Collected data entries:
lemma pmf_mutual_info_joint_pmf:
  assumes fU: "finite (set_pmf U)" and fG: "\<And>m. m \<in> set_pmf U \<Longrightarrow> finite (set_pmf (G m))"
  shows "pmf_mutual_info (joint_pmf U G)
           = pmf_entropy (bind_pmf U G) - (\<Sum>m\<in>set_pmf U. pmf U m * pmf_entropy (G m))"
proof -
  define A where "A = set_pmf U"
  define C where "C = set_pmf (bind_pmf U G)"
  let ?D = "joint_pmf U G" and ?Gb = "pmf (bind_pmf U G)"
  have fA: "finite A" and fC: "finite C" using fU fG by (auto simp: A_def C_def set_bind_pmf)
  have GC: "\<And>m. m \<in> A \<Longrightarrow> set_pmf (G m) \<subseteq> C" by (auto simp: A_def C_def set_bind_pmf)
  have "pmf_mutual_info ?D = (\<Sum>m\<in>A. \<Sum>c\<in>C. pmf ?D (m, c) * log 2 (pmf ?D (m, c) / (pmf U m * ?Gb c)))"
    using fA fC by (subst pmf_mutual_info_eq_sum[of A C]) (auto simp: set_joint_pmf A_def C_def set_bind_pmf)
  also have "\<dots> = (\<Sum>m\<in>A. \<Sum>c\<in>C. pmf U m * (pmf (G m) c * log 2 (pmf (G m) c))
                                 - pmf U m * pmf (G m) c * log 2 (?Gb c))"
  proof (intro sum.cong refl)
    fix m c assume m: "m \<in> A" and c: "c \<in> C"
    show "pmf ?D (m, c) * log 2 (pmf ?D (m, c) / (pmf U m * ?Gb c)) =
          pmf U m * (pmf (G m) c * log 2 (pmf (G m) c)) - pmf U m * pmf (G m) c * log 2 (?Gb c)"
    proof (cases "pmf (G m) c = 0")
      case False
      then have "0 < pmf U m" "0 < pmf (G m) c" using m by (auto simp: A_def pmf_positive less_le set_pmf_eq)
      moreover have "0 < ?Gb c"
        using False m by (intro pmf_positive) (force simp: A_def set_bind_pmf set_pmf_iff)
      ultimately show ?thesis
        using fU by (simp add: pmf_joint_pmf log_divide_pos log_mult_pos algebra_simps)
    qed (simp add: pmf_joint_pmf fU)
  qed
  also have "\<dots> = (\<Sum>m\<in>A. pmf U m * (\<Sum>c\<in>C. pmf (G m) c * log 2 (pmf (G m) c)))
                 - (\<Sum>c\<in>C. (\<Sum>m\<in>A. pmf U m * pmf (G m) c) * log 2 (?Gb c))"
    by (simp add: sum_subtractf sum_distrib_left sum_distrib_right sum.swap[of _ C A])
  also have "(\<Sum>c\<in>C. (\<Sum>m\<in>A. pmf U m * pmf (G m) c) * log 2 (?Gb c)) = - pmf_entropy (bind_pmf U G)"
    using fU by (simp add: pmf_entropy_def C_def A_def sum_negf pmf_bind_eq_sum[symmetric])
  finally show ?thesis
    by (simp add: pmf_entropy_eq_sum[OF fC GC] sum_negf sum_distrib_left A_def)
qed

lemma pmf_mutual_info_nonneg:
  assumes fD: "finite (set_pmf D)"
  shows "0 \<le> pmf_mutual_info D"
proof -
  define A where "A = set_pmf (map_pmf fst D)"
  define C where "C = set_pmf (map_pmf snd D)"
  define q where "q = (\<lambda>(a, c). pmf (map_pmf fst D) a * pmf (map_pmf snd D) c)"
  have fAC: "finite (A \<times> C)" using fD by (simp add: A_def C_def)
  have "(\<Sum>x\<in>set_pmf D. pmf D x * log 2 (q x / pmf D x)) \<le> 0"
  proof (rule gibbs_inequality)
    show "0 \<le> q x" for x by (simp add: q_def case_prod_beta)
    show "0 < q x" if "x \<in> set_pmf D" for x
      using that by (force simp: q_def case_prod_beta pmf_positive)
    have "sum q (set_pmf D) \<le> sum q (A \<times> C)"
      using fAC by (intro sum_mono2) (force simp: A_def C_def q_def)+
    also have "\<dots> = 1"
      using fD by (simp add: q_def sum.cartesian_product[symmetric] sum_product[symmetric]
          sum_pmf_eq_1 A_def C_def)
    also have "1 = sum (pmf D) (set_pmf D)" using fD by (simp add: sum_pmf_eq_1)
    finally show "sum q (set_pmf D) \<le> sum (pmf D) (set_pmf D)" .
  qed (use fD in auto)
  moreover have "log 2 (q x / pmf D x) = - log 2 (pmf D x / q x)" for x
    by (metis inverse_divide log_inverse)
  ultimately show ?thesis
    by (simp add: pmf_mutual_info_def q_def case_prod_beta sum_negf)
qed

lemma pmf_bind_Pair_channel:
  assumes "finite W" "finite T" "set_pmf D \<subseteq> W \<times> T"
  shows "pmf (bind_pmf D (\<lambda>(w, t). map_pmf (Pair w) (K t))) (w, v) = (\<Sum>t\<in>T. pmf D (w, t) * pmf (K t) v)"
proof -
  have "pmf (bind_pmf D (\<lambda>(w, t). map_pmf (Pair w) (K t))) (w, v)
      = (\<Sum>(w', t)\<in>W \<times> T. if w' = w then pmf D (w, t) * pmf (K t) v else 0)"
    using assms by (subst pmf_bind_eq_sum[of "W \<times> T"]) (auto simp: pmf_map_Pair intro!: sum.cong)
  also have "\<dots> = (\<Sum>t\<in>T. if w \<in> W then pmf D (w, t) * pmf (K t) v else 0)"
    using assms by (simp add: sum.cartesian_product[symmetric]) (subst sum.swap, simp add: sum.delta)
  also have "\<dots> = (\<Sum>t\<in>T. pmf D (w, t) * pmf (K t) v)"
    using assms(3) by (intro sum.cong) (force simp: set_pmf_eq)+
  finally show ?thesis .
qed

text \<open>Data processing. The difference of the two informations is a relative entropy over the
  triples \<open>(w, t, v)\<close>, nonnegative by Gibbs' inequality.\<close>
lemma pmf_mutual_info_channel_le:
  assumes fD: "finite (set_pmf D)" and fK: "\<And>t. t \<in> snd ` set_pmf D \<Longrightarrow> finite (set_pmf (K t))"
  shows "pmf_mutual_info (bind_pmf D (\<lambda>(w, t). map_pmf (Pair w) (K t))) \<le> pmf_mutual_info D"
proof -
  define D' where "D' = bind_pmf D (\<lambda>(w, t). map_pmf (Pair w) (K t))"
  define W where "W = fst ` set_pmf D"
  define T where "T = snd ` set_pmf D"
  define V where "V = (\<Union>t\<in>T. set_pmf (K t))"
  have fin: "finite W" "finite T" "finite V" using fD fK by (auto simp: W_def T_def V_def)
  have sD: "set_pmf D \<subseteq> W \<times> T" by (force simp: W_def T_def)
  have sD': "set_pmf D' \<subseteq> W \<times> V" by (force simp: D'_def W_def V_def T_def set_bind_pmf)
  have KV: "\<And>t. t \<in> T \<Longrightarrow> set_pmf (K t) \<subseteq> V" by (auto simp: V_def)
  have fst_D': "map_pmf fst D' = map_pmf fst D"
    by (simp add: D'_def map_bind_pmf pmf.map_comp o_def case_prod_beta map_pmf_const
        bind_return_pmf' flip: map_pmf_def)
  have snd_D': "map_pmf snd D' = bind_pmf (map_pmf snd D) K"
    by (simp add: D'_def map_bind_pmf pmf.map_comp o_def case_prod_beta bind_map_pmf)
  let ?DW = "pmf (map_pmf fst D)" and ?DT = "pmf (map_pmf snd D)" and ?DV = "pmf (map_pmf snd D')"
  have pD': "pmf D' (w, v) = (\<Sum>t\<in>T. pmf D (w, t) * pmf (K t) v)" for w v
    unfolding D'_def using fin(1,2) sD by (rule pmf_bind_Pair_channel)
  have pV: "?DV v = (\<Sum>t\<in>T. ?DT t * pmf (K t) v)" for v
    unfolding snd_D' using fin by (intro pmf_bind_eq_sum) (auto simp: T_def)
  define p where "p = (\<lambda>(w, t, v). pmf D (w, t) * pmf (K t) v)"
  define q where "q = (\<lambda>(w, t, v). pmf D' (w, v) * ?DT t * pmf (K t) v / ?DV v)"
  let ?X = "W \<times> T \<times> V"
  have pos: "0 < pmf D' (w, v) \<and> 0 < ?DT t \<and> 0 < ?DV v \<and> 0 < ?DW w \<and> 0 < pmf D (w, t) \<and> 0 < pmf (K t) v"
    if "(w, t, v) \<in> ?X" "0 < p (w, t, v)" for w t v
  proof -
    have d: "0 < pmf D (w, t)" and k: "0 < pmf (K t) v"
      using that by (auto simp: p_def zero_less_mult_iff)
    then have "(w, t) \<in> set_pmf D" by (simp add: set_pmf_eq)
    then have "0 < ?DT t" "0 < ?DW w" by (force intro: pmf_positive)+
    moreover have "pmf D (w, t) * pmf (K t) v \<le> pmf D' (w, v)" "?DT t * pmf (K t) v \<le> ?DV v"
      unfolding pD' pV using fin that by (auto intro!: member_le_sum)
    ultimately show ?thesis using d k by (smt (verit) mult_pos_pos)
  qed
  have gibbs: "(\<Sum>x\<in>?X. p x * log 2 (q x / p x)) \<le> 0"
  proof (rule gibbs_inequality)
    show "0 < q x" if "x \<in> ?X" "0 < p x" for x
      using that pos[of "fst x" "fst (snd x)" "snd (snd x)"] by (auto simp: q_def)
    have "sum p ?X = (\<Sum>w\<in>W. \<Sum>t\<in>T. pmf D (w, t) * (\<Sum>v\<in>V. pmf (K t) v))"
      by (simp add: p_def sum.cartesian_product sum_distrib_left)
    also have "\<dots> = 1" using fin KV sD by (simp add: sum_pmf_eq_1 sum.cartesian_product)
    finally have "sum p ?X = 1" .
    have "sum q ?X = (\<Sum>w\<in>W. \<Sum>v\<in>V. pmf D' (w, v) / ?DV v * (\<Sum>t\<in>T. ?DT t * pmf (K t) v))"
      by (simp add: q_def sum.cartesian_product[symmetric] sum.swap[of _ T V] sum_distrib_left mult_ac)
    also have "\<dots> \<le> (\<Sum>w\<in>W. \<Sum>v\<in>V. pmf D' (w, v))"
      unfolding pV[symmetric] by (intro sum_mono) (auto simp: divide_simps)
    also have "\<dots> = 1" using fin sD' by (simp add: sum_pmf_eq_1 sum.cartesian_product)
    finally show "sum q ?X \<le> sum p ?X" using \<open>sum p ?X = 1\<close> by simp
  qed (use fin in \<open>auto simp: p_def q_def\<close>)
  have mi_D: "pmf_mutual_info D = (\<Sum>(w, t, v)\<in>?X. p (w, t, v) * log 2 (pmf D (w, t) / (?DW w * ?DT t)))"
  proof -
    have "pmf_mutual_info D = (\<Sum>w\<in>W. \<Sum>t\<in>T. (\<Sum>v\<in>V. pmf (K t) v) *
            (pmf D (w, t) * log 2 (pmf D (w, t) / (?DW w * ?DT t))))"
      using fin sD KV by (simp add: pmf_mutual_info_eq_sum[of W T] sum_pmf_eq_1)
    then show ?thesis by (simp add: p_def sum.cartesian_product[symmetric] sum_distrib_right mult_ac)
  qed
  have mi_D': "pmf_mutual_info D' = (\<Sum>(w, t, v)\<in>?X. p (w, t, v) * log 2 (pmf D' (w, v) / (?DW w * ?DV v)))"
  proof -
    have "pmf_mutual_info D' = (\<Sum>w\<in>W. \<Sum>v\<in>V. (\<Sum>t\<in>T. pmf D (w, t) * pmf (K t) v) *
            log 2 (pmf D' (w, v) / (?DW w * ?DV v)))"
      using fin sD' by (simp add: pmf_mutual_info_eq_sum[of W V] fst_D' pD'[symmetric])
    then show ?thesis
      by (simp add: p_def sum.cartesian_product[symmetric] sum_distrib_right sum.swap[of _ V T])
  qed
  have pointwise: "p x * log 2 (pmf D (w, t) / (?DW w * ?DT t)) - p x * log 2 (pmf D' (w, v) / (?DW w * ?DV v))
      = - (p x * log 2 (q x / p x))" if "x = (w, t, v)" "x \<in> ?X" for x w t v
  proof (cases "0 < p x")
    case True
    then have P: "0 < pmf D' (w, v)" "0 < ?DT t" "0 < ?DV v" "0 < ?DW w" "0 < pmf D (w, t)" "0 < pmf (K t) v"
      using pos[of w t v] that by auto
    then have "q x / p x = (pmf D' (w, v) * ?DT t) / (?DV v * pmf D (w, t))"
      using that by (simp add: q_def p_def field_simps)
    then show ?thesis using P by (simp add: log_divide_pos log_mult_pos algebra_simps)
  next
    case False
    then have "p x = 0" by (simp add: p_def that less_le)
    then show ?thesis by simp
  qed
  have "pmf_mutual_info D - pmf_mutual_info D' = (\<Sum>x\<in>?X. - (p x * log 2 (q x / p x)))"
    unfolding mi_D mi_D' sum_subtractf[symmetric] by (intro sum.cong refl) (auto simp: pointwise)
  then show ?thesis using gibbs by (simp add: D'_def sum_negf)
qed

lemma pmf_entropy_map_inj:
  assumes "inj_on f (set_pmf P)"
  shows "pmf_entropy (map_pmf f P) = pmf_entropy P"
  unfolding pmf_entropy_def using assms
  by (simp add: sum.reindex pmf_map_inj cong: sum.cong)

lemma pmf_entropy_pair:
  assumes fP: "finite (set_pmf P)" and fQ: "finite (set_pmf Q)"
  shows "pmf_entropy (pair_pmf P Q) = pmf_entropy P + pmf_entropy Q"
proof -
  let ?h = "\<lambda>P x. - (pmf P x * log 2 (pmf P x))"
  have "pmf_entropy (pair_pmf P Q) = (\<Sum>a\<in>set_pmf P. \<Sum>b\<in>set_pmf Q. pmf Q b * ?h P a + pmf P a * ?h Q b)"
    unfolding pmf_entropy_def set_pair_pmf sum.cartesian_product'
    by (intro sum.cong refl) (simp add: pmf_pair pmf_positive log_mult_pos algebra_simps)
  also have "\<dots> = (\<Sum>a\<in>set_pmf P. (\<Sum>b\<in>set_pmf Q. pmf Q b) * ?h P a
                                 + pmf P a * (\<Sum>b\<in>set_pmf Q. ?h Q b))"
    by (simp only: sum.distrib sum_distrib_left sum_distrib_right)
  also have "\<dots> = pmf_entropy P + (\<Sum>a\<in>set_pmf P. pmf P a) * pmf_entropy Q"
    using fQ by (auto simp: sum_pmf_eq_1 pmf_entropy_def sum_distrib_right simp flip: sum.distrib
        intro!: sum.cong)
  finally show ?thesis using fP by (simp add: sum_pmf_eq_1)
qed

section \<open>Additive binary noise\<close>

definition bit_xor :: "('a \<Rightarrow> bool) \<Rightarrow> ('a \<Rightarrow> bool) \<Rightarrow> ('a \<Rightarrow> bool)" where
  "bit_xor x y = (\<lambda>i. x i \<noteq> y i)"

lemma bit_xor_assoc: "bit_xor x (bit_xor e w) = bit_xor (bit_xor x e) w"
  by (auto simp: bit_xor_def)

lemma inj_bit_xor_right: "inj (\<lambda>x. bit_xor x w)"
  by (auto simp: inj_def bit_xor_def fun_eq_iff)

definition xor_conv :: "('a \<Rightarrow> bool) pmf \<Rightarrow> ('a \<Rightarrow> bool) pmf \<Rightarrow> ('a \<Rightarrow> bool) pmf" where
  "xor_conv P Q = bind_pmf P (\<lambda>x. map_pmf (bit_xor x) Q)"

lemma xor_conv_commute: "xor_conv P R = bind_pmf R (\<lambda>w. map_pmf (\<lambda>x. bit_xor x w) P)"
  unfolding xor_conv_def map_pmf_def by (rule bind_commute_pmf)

§ What you should do:
Copy every line from the entries that contains the word "times".

§ Result of the task:
  have fAC: "finite (A \<times> C)" using fD by (simp add: A_def C_def)
    have "sum q (set_pmf D) \<le> sum q (A \<times> C)"
  assumes "finite W" "finite T" "set_pmf D \<subseteq> W \<times> T"
      = (\<Sum>(w', t)\<in>W \<times> T. if w' = w then pmf D (w, t) * pmf (K t) v else 0)"
    using assms by (subst pmf_bind_eq_sum[of "W \<times> T"]) (auto simp: pmf_map_Pair intro!: sum.cong)
  have sD: "set_pmf D \<subseteq> W \<times> T" by (force simp: W_def T_def)
  have sD': "set_pmf D' \<subseteq> W \<times> V" by (force simp: D'_def W_def V_def T_def set_bind_pmf)
  let ?X = "W \<times> T \<times> V"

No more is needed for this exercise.